KEJAKSAAN TELUSURI INDIKASI KORUPSI PROYEK JALAN AKSES BIL

id

     Mataram, 19/5 (ANTARA) - Aparat Kejaksaan Tinggi Nusa Tenggara Barat tengah menelusuri indikasi korupsi pada tender paket proyek Balai Jalan Nasional Wilayah VIII yang berlokasi di ruas jalan akses Bandara Internasional Lombok.

     "Intelijen masih telaah dan mungkin "full" data, nanti ditindaklanjuti," kata Kasi Penkum dan Humas Kejaksaan Tinggi (Kejati) Nusa Tenggara Barat (NTB) Sugiyanta, SH, di Mataram, Kamis.

     Sugiyanta mengakui, penelusuran indikasi korupsi pada tender paket proyek Balai Jalan Nasional Wilayah VIII yang berlokasi di ruas jalan akses Bandara Internasional Lombok (BIL) itu, mengacu kepada laporan masyarakat.

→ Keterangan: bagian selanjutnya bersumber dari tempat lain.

lemma sets_\<Omega>: "sets \<Omega> = sets (cT \<Otimes>\<^sub>M Xs)"
  unfolding model_eq by (rule sets_pair_measure_cong[OF sets_uniform_count_measure_count_space refl])

lemma space_\<Omega>: "space \<Omega> = T \<times> space Xs"
  unfolding model_eq by (simp add: space_pair_measure space_uniform_count_measure)

lemma measurable_\<Omega>_iff: "f \<in> \<Omega> \<rightarrow>\<^sub>M N \<longleftrightarrow> f \<in> (cT \<Otimes>\<^sub>M Xs) \<rightarrow>\<^sub>M N"
  by (simp add: measurable_cong_sets[OF sets_\<Omega> refl])

lemma Yn_in_Ys: "Yn \<omega> \<in> Ys"
  by (simp add: Yn_rv_def)

lemma measurable_Yn: "Yn \<in> (cT \<Otimes>\<^sub>M Xs) \<rightarrow>\<^sub>M cYs"
proof -
  have "Yn \<in> (cT \<Otimes>\<^sub>M Xs) \<rightarrow>\<^sub>M Yn_space n"
    unfolding Yn_space_def Yn_rv_def
  proof (rule measurable_restrict)
    fix i assume i: "i \<in> {..<n}"
    have "(\<lambda>\<omega>. (\<lambda>t \<omega>. g (snd \<omega> i) t) (fst \<omega>) \<omega>) \<in> (cT \<Otimes>\<^sub>M Xs) \<rightarrow>\<^sub>M count_space UNIV"
    proof (rule measurable_compose_countable'[where I=T])
      fix t assume t: "t \<in> T"
      have "(\<lambda>\<omega>. snd \<omega> i) \<in> (cT \<Otimes>\<^sub>M Xs) \<rightarrow>\<^sub>M \<mu>"
        using i unfolding Xn_space_def by measurable
      then show "(\<lambda>\<omega>. g (snd \<omega> i) t) \<in> (cT \<Otimes>\<^sub>M Xs) \<rightarrow>\<^sub>M count_space UNIV"
        using measurable_compose[OF _ g_measurable[OF t]] by blast
    qed (auto simp: finite_T countable_finite)
    then show "(\<lambda>\<omega>. g (snd \<omega> i) (fst \<omega>)) \<in> (cT \<Otimes>\<^sub>M Xs) \<rightarrow>\<^sub>M count_space UNIV"
      by simp
  qed
  then show ?thesis by (simp add: Yn_space_eq_count_space)
qed
lemma exists_policy_on_approx_extreme_points:
  fixes Z :: "'z set"
    and u :: "'z \<Rightarrow> 'a::finite \<Rightarrow> 'f::{finite,linorder} \<Rightarrow> real"
    and uf :: "'k::finite \<Rightarrow> 'z \<Rightarrow> 'a \<Rightarrow> 'f \<Rightarrow> real"
    and ps :: "'i \<Rightarrow> 'k pmf"
  assumes u_bound: "\<forall>z\<in>Z. \<forall>a af. \<bar>u z a af\<bar> \<le> 1"
    and "\<delta> \<ge> 0"
    and E_approx: "\<forall>z\<in>Z. approx_extreme_points uf z \<delta> (E z)"
    and "finite I"
    and zs: "\<forall>t\<in>I. zs t \<in> Z"
    and \<pi>: "\<forall>z\<in>Z. \<pi> z \<in> mixed"
  shows "\<exists>\<pi>E. (\<forall>z\<in>Z. \<pi>E z \<in> E z) \<and>
    (\<Sum>t\<in>I. measure_pmf.expectation (ps t) (\<lambda>k.
        eu u (zs t) (\<pi> (zs t)) (br (uf k) (zs t) (\<pi> (zs t)))
      - eu u (zs t) (\<pi>E (zs t)) (br (uf k) (zs t) (\<pi>E (zs t))))) \<le> real (card I) * \<delta>"
proof -
  define S where "S z = {t \<in> I. zs t = z}" for z
  define w where "w z = (\<Sum>t\<in>S z. \<chi> a. measure_pmf.expectation (ps t) (\<lambda>k. u z a (br (uf k) z (\<pi> z))))"
    for z
  have w_bound: "\<bar>w z $ a\<bar> \<le> real (card (S z))" if "z \<in> Z" for z a
  proof -
    have "\<bar>w z $ a\<bar> \<le> (\<Sum>t\<in>S z. \<bar>measure_pmf.expectation (ps t) (\<lambda>k. u z a (br (uf k) z (\<pi> z)))\<bar>)"
      unfolding w_def by (simp add: sum_abs)
    also have "\<dots> \<le> (\<Sum>t\<in>S z. 1)"
      using u_bound \<open>z \<in> Z\<close> by (intro sum_mono abs_expectation_le) blast
    finally show ?thesis
      by simp
  qed
  have "\<forall>z\<in>Z. \<exists>x. x \<in> E z \<and> (\<forall>k. br (uf k) z x = br (uf k) z (\<pi> z)) \<and>
      w z \<bullet> \<pi> z - w z \<bullet> x \<le> real (card (S z)) * \<delta>"
    using approx_extreme_point_near_max[OF bspec[OF E_approx] bspec[OF \<pi>] w_bound \<open>\<delta> \<ge> 0\<close>]
    by blast
  then obtain \<pi>E where \<pi>E: "\<forall>z\<in>Z. \<pi>E z \<in> E z \<and> (\<forall>k. br (uf k) z (\<pi>E z) = br (uf k) z (\<pi> z)) \<and>
      w z \<bullet> \<pi> z - w z \<bullet> \<pi>E z \<le> real (card (S z)) * \<delta>"
    by (auto dest: bchoice)
  define loss where "loss t = measure_pmf.expectation (ps t) (\<lambda>k.
        eu u (zs t) (\<pi> (zs t)) (br (uf k) (zs t) (\<pi> (zs t)))
      - eu u (zs t) (\<pi>E (zs t)) (br (uf k) (zs t) (\<pi>E (zs t))))" for t
  have fibre_loss: "(\<Sum>t\<in>S z. loss t) \<le> real (card (S z)) * \<delta>" if "z \<in> zs ` I" for z
  proof -
    have "z \<in> Z"
      using that zs by blast
    have "loss t = (\<chi> a. measure_pmf.expectation (ps t) (\<lambda>k. u z a (br (uf k) z (\<pi> z)))) \<bullet> (\<pi> z - \<pi>E z)"
      if "t \<in> S z" for t
      using that \<pi>E \<open>z \<in> Z\<close> unfolding loss_def S_def by (simp add: expectation_eu_diff)
    then have "(\<Sum>t\<in>S z. loss t) = w z \<bullet> (\<pi> z - \<pi>E z)"
      unfolding w_def by (simp add: inner_sum_left)
    then show ?thesis
      using \<pi>E \<open>z \<in> Z\<close> by (simp add: inner_diff_right)
  qed
  have "(\<Sum>t\<in>I. loss t) \<le> real (card I) * \<delta>"
    using \<open>finite I\<close> fibre_loss unfolding S_def by (rule sum_le_card_mult_by_fibres)
  then show ?thesis
    using \<pi>E unfolding loss_def by blast
qed
lemma eigenvalue_bound:
  assumes \<rho>: "\<rho> > 0" and t0: "t0 \<in> {0..1}" "FF \<rho> t0 > 0"
    and u: "continuous_on {0..1} u" "supnorm u = \<rho>" and sol: "solves lam u"
  shows "\<bar>lam\<bar> \<le> \<rho> / (SUP t\<in>{0..1}. FF \<rho> t)"
proof -
  have uB: "u \<in> cont_ball \<rho>"
    using cont_ball_supnorm[OF u(1)] u(2) by simp
  have bdd: "bdd_above (FF \<rho> ` {0..1})"
    using FF_le_green_op[OF uB] abs_green_op_le[OF uB]
    by (intro bdd_aboveI2[where M="kern_bound * exp (2*\<rho>)"]) (meson abs_ge_self order_trans)
  have "FF \<rho> t0 \<le> (SUP t\<in>{0..1}. FF \<rho> t)"
    by (rule cSUP_upper[OF t0(1) bdd])
  then have SUP_pos: "(SUP t\<in>{0..1}. FF \<rho> t) > 0"
    using t0(2) by linarith
  have "\<bar>lam\<bar> * FF \<rho> t \<le> \<rho>" if t: "t \<in> {0..1}" for t
  proof -
    have "\<bar>lam\<bar> * FF \<rho> t \<le> \<bar>lam\<bar> * green_op u t"
      using FF_le_green_op[OF uB t] by (simp add: mult_left_mono)
    also have "\<dots> \<le> \<bar>u t\<bar>"
      using sol t unfolding solves_iff_green_op by (simp add: abs_mult mult_left_mono[OF abs_ge_self])
    also have "\<dots> \<le> \<rho>"
      using cont_ballD(2)[OF uB t] .
    finally show ?thesis .
  qed
  then have "\<bar>lam\<bar> * (SUP t\<in>{0..1}. FF \<rho> t) \<le> \<rho>"
  proof (cases "lam = 0")
    case False
    with \<open>\<And>t. t \<in> {0..1} \<Longrightarrow> \<bar>lam\<bar> * FF \<rho> t \<le> \<rho>\<close>
    have "(SUP t\<in>{0..1}. FF \<rho> t) \<le> \<rho> / \<bar>lam\<bar>"
      by (intro cSUP_least) (auto simp: pos_le_divide_eq mult.commute)
    with False show ?thesis
      by (simp add: pos_le_divide_eq mult.commute)
  qed (use \<rho> in simp)
  then show ?thesis
    using SUP_pos by (simp add: pos_le_divide_eq)
qed

section \<open>Closed form of FF\<close>

definition primitive_cosh_sin :: "real \<Rightarrow> real" where
  "primitive_cosh_sin s = (sinh s * sin (bb * s) - bb * cosh s * cos (bb * s)) / (1 + bb\<^sup>2)"
(* Let $(S,+,\cdot)$ be a left semi-brace. Then the semigroup $(S,+)$ is stationary on the right, i.e. for all $a,b,c,x\in S$, $a+b=a+c$ implies $x+b=x+c$. Consequently $(S,+)$ is a rectangular semigroup, and moreover: (1) the set $E(S)$ of idempotents of $(S,+)$ is a rectangular band; (2) an element $e\in S$ belongs to $E(S)$ if and only if $e$ is a middle unit of $(S,+)$, i.e. $a+e+b=a+b$ for all $a,b\in S$.
   Context: A left semi-brace is a triple $(S,+,\cdot)$ such that $(S,+)$ is a semigroup (not necessarily commutative), $(S,\cdot)$ is a group (with inverse $a^{-1}$ and identity $1$), and $a(b+c)=ab+a(a^{-1}+c)$ for all $a,b,c\in S$. A semigroup $(S,+)$ is rectangular if for all $a,b,x,y\in S$, $a+x=b+x=a+y$ implies $a+x=b+y$. A rectangular band is a rectangular semigroup all of whose elements are idempotent. *)

theory Defs
  imports Main
begin

definition is_semigroup :: "('a \<Rightarrow> 'a \<Rightarrow> 'a) \<Rightarrow> bool" where
  "is_semigroup add \<longleftrightarrow> (\<forall>a b c. add (add a b) c = add a (add b c))"

definition is_group :: "('a \<Rightarrow> 'a \<Rightarrow> 'a) \<Rightarrow> ('a \<Rightarrow> 'a) \<Rightarrow> 'a \<Rightarrow> bool" where
  "is_group mul ginv one \<longleftrightarrow>
     (\<forall>a b c. mul (mul a b) c = mul a (mul b c)) \<and>
     (\<forall>a. mul one a = a \<and> mul a one = a) \<and>
     (\<forall>a. mul (ginv a) a = one \<and> mul a (ginv a) = one)"

definition left_semi_brace ::
  "('a \<Rightarrow> 'a \<Rightarrow> 'a) \<Rightarrow> ('a \<Rightarrow> 'a \<Rightarrow> 'a) \<Rightarrow> ('a \<Rightarrow> 'a) \<Rightarrow> 'a \<Rightarrow> bool" where
  "left_semi_brace add mul ginv one \<longleftrightarrow>
     is_semigroup add \<and> is_group mul ginv one \<and>
     (\<forall>a b c. mul a (add b c) = add (mul a b) (mul a (add (ginv a) c)))"

definition stationary_on_right :: "('a \<Rightarrow> 'a \<Rightarrow> 'a) \<Rightarrow> bool" where
  "stationary_on_right add \<longleftrightarrow>
     (\<forall>a b c x. add a b = add a c \<longrightarrow> add x b = add x c)"

definition rectangular_on :: "'a set \<Rightarrow> ('a \<Rightarrow> 'a \<Rightarrow> 'a) \<Rightarrow> bool" where
  "rectangular_on T add \<longleftrightarrow>
     (\<forall>a\<in>T. \<forall>b\<in>T. \<forall>x\<in>T. \<forall>y\<in>T.
        add a x = add b x \<and> add b x = add a y \<longrightarrow> add a x = add b y)"

definition rectangular_semigroup :: "('a \<Rightarrow> 'a \<Rightarrow> 'a) \<Rightarrow> bool" where
  "rectangular_semigroup add \<longleftrightarrow> is_semigroup add \<and> rectangular_on UNIV add"

definition idempotents :: "('a \<Rightarrow> 'a \<Rightarrow> 'a) \<Rightarrow> 'a set" where
  "idempotents add = {e. add e e = e}"

definition rectangular_band_on :: "'a set \<Rightarrow> ('a \<Rightarrow> 'a \<Rightarrow> 'a) \<Rightarrow> bool" where
  "rectangular_band_on T add \<longleftrightarrow>
     (\<forall>a\<in>T. \<forall>b\<in>T. add a b \<in> T) \<and>
     (\<forall>a\<in>T. \<forall>b\<in>T. \<forall>c\<in>T. add (add a b) c = add a (add b c)) \<and>
     rectangular_on T add \<and> (\<forall>a\<in>T. add a a = a)"

definition middle_unit :: "('a \<Rightarrow> 'a \<Rightarrow> 'a) \<Rightarrow> 'a \<Rightarrow> bool" where
  "middle_unit add e \<longleftrightarrow> (\<forall>a b. add (add a e) b = add a b)"

end

theory Submission
  imports Defs
begin

text \<open>Left multiplication by \<open>a\<inverse>\<close> expresses \<open>x + b\<close> through \<open>a + b\<close>:
  \<open>a\<inverse>(x + b) = a\<inverse>x + a\<inverse>(a + b)\<close>; hence \<open>a + b = a + c\<close> forces \<open>x + b = x + c\<close>. The multiplicative identity \<open>1\<close> is a middle
  unit, and stationarity transports \<open>e + (e + y) = e + (1 + y)\<close> to \<open>x + (e + y) = x + y\<close>,
  so idempotents are middle units. Conversely \<open>1 + 1 = 1\<close>, so every middle unit \<open>e\<close> satisfies
  \<open>e = e(1 + 1) = e + t\<close> for some \<open>t\<close>, whence \<open>e + e = e + e + t = e + t = e\<close>.\<close>

lemma stationary_on_right_imp_rectangular_on:
  assumes "stationary_on_right add"
  shows "rectangular_on T add"
  using assms unfolding stationary_on_right_def rectangular_on_def by metis

lemma idempotent_imp_middle_unit:
  assumes "is_semigroup add" and "stationary_on_right add" and "middle_unit add u"
    and "add e e = e"
  shows "middle_unit add e"
  unfolding middle_unit_def
proof (intro allI)
  fix x y
  have "add e (add e y) = add e (add u y)"
    using assms unfolding is_semigroup_def middle_unit_def by metis
  then have "add x (add e y) = add x (add u y)"
    using \<open>stationary_on_right add\<close> unfolding stationary_on_right_def by blast
  then show "add (add x e) y = add x y"
    using assms unfolding is_semigroup_def middle_unit_def by metis
qed

lemma middle_unit_imp_idempotent:
  assumes "is_semigroup add" and "middle_unit add e" and "add e t = e"
  shows "add e e = e"
proof -
  have "add e e = add (add e e) t"
    using assms(1,3) unfolding is_semigroup_def by metis
  also have "\<dots> = e"
    using assms(2,3) unfolding middle_unit_def by simp
  finally show ?thesis .
qed

lemma rectangular_band_on_idempotents:
  assumes "is_semigroup add" and "stationary_on_right add"
    and "\<And>e. e \<in> idempotents add \<Longrightarrow> middle_unit add e"
  shows "rectangular_band_on (idempotents add) add"
proof -
  have assoc: "add (add a b) c = add a (add b c)" for a b c
    using assms(1) unfolding is_semigroup_def by blast
  have closed: "add e f \<in> idempotents add"
    if "e \<in> idempotents add" and "f \<in> idempotents add" for e f
  proof -
    have "add (add e f) (add e f) = add (add (add e f) e) f"
      by (simp add: assoc)
    also have "\<dots> = add (add e f) f"
      using assms(3)[OF that(1)] unfolding middle_unit_def by simp
    also have "\<dots> = add e f"
      using that(2) by (simp add: assoc idempotents_def)
    finally show ?thesis
      unfolding idempotents_def by simp
  qed
  show ?thesis
    unfolding rectangular_band_on_def
    using closed assoc stationary_on_right_imp_rectangular_on[OF assms(2)]
    by (simp add: idempotents_def)
qed

locale semi_brace =
  fixes add :: "'a \<Rightarrow> 'a \<Rightarrow> 'a" (infixl "\<oplus>" 65)
    and mul :: "'a \<Rightarrow> 'a \<Rightarrow> 'a" (infixl "\<cdot>" 70)
    and ginv :: "'a \<Rightarrow> 'a"
    and one :: 'a
  assumes add_assoc: "a \<oplus> b \<oplus> c = a \<oplus> (b \<oplus> c)"
    and mul_assoc: "a \<cdot> b \<cdot> c = a \<cdot> (b \<cdot> c)"
    and mul_one_left: "one \<cdot> a = a"
    and mul_one_right: "a \<cdot> one = a"
    and ginv_mul: "ginv a \<cdot> a = one"
    and mul_ginv: "a \<cdot> ginv a = one"
    and brace: "a \<cdot> (b \<oplus> c) = a \<cdot> b \<oplus> a \<cdot> (ginv a \<oplus> c)"

lemma semi_brace_if_left_semi_brace:
  assumes "left_semi_brace add mul ginv one"
  shows "semi_brace add mul ginv one"
  using assms unfolding left_semi_brace_def is_semigroup_def is_group_def
  by unfold_locales blast+

context semi_brace
begin

lemma is_semigroup_add: "is_semigroup (\<oplus>)"
  unfolding is_semigroup_def by (simp add: add_assoc)

lemma ginv_ginv: "ginv (ginv a) = a"
  by (metis mul_assoc mul_one_left mul_one_right ginv_mul)

lemma ginv_one: "ginv one = one"
  by (metis mul_one_right ginv_mul)

lemma mul_left_cancel: "g \<cdot> u = g \<cdot> v \<Longrightarrow> u = v"
  by (metis mul_assoc mul_one_left ginv_mul)

lemma mul_ginv_add:
  "ginv a \<cdot> (x \<oplus> b) = ginv a \<cdot> x \<oplus> ginv a \<cdot> (a \<oplus> b)"
  using brace[of "ginv a" x b] by (simp add: ginv_ginv)

lemma stationary_on_right_add: "stationary_on_right (\<oplus>)"
  unfolding stationary_on_right_def
  by (metis mul_ginv_add mul_left_cancel)

lemma middle_unit_one: "middle_unit (\<oplus>) one"
  unfolding middle_unit_def
  using brace[of one] by (simp add: ginv_one mul_one_left add_assoc)

lemma one_add_mul_ginv_add: "one \<oplus> ginv g \<cdot> (g \<oplus> c) = ginv g \<cdot> (g \<oplus> c)"
  using brace[of "ginv g" g c] by (simp add: ginv_mul ginv_ginv)

lemma one_add_one: "one \<oplus> one = one"
proof -
  have "one \<oplus> one \<oplus> one = one \<oplus> one"
    using middle_unit_one unfolding middle_unit_def by blast
  then show ?thesis
    using one_add_mul_ginv_add[of "one \<oplus> one" one] by (simp add: ginv_mul)
qed

lemma eq_add_mul_ginv_add_one: "e = e \<oplus> e \<cdot> (ginv e \<oplus> one)"
  using brace[of e one one] by (simp add: one_add_one mul_one_right)

lemma idempotents_eq_middle_units:
  "e \<in> idempotents (\<oplus>) \<longleftrightarrow> middle_unit (\<oplus>) e"
proof
  assume "e \<in> idempotents (\<oplus>)"
  then show "middle_unit (\<oplus>) e"
    using idempotent_imp_middle_unit[OF is_semigroup_add stationary_on_right_add middle_unit_one]
    by (simp add: idempotents_def)
next
  assume "middle_unit (\<oplus>) e"
  then show "e \<in> idempotents (\<oplus>)"
    using middle_unit_imp_idempotent[OF is_semigroup_add _ eq_add_mul_ginv_add_one[symmetric]]
    by (simp add: idempotents_def)
qed

end

theorem proposition9:
  fixes add mul :: "'a \<Rightarrow> 'a \<Rightarrow> 'a" and ginv :: "'a \<Rightarrow> 'a" and one :: 'a
  assumes "left_semi_brace add mul ginv one"
  shows "stationary_on_right add
       \<and> rectangular_semigroup add
       \<and> rectangular_band_on (idempotents add) add
       \<and> (\<forall>e. e \<in> idempotents add \<longleftrightarrow> middle_unit add e)"
proof -
  interpret semi_brace add mul ginv one
    using semi_brace_if_left_semi_brace[OF assms] .
  show ?thesis
    using stationary_on_right_add is_semigroup_add idempotents_eq_middle_units
      stationary_on_right_imp_rectangular_on
      rectangular_band_on_idempotents[OF is_semigroup_add stationary_on_right_add]
    unfolding rectangular_semigroup_def by blast
qed

end
lemma linear_functional_separating_from_span:
  fixes x :: "'a::real_vector"
  assumes "x \<notin> span S"
  obtains g :: "'a \<Rightarrow> real" where "linear g" "g x = 1" "\<And>z. z \<in> span S \<Longrightarrow> g z = 0"
proof -
  obtain I where I: "I \<subseteq> span S" "independent I" "span S \<subseteq> span I"
    using maximal_independent_subset by blast
  have "span I = span S"
    using I by (simp add: span_minimal subset_antisym)
  then have "x \<notin> span I" "independent (insert x I)"
    using assms I(2) by (simp_all add: independent_insertI)
  then obtain g :: "'a \<Rightarrow> real"
    where g: "linear g" "\<And>z. z \<in> insert x I \<Longrightarrow> g z = (if z = x then 1 else 0)"
    using linear_independent_extend[of "insert x I" "\<lambda>z. if z = x then 1 else 0"] by blast
  have "g z = 0" if "z \<in> I" for z
    using g(2) that \<open>x \<notin> span I\<close> span_base by fastforce
  then have "g z = 0" if "z \<in> span S" for z
    using linear_eq_0_on_span[OF g(1)] that \<open>span I = span S\<close> by blast
  then show ?thesis using that g by simp
qed

lemma convex_sum_weights_le_1:
  fixes C :: "'a::real_vector set"
  assumes "finite I" "convex C" "0 \<in> C" "\<And>i. i \<in> I \<Longrightarrow> w i \<ge> 0" "sum w I \<le> 1"
    "\<And>i. i \<in> I \<Longrightarrow> y i \<in> C"
  shows "(\<Sum>i\<in>I. w i *\<^sub>R y i) \<in> C"
proof (cases "sum w I = 0")
  case True
  then have "\<forall>i\<in>I. w i = 0" using assms(1,4) sum_nonneg_eq_0_iff by blast
  then show ?thesis using assms(3) by simp
next
  case False
  define t where "t = sum w I"
  have t: "t > 0" using False assms(4) sum_nonneg[of I w] unfolding t_def by force
  have z: "(\<Sum>i\<in>I. (w i / t) *\<^sub>R y i) \<in> C"
    using assms t by (intro convex_sum) (auto simp: t_def sum_divide_distrib[symmetric])
  have "(\<Sum>i\<in>I. w i *\<^sub>R y i) = (1 - t) *\<^sub>R 0 + t *\<^sub>R (\<Sum>i\<in>I. (w i / t) *\<^sub>R y i)"
    using t by (simp add: scaleR_sum_right)
  also have "\<dots> \<in> C"
    using convexD_alt[OF assms(2) assms(3) z, of t] t assms(5) unfolding t_def by simp
  finally show ?thesis .
qed

lemma span_unit_cball: "span (cball (0::'a::real_normed_vector) 1) = UNIV"
proof -
  have "x \<in> span (cball 0 1)" for x :: 'a
  proof (cases "x = 0")
    case False
    then have "norm x *\<^sub>R (x /\<^sub>R norm x) \<in> span (cball (0::'a) 1)"
      by (intro span_scale span_base) simp
    with False show ?thesis by simp
  qed (simp add: span_zero)
  then show ?thesis by blast
qed

context
  fixes B :: "'a::real_normed_vector set"
  assumes finite_basis: "finite B" and independent_basis: "independent B"
    and span_basis: "span B = UNIV"
begin

abbreviation coord :: "'a \<Rightarrow> 'a \<Rightarrow> real" where
  "coord b x \<equiv> representation B x b"

lemma linear_coord: "linear (coord b)"
  by (rule linearI) (simp_all add: independent_basis span_basis representation_add
      representation_scale)
lemma dvd_cancel_small:
  assumes "p dvd m * x" and "0 < m" and "m < p"
  shows "p dvd x"
proof -
  have "\<not> p dvd m"
    using assms(2,3) zdvd_not_zless by blast
  then show ?thesis
    using assms(1) prime_p prime_dvd_mult_iff by blast
qed

lemma sum_squares_X_cong: "[\<Sum>k<D. (poly (X k) x)\<^sup>2 = poly N x] (mod p)"
  unfolding sum_squares_X cong_iff_dvd_diff using p_dvd by simp

lemma dvd_if_dvd_isotropic_combinations:
  assumes "p dvd c0 + a * c1 + b * c2" and "p dvd c0 - a * c1 - b * c2" and "p dvd b * c1 - a * c2"
  shows "p dvd c0" and "p dvd c1" and "p dvd c2"
proof -
  have "p dvd 2 * c0"
    using dvd_add[OF assms(1,2)] by (simp add: algebra_simps)
  then show "p dvd c0"
    by (rule dvd_cancel_small) (use five_le_p in auto)
  then have "p dvd a * c1 + b * c2"
    using assms(1) by (simp add: dvd_add_right_iff add.assoc)
  have K_mult: "p dvd (a\<^sup>2 + b\<^sup>2 + 1) * x" for x
    using p_dvd by (rule dvd_mult2)
  have "c1 = (a\<^sup>2 + b\<^sup>2 + 1) * c1 - a * (a * c1 + b * c2) - b * (b * c1 - a * c2)"
    and "c2 = (a\<^sup>2 + b\<^sup>2 + 1) * c2 - b * (a * c1 + b * c2) + a * (b * c1 - a * c2)"
    by (simp_all add: algebra_simps power2_eq_square)
  moreover note combination_dvd = K_mult dvd_mult[OF \<open>p dvd a * c1 + b * c2\<close>] dvd_mult[OF assms(3)]
  ultimately show "p dvd c1" "p dvd c2"
    by (metis dvd_diff combination_dvd, metis dvd_add dvd_diff combination_dvd)
qed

     Lembaga masyarakat yang mengatasnamakan Silaturahmi Untuk Advokasi Rakyat dan Kemanusiaan (Suaka) melaporkan indikasi tindak pidana korupsi pada tender tujuh paket proyek Balai Jalan Nasional Wilayah VIII Tahun Anggaran 2011.

     Ketujuh paket proyek itu yakni pembangunan jalan akses BIL (Sulin-Penujak II) dengan penawaran terendah sebesar Rp35,01 miliar lebih namun pemenangnya diberikan kepada nilai penawaran sebesar Rp47,42 miliar lebih.

     Paket proyek lainnya yakni pembangunan jalan akses BIL I (Sulin Penujak I) dengan panawaran terendah sebesar Rp29,19 miliar lebih namun pemenangnya diberikan kepada nilai penawaran sebesar Rp39,71 miliar lebih.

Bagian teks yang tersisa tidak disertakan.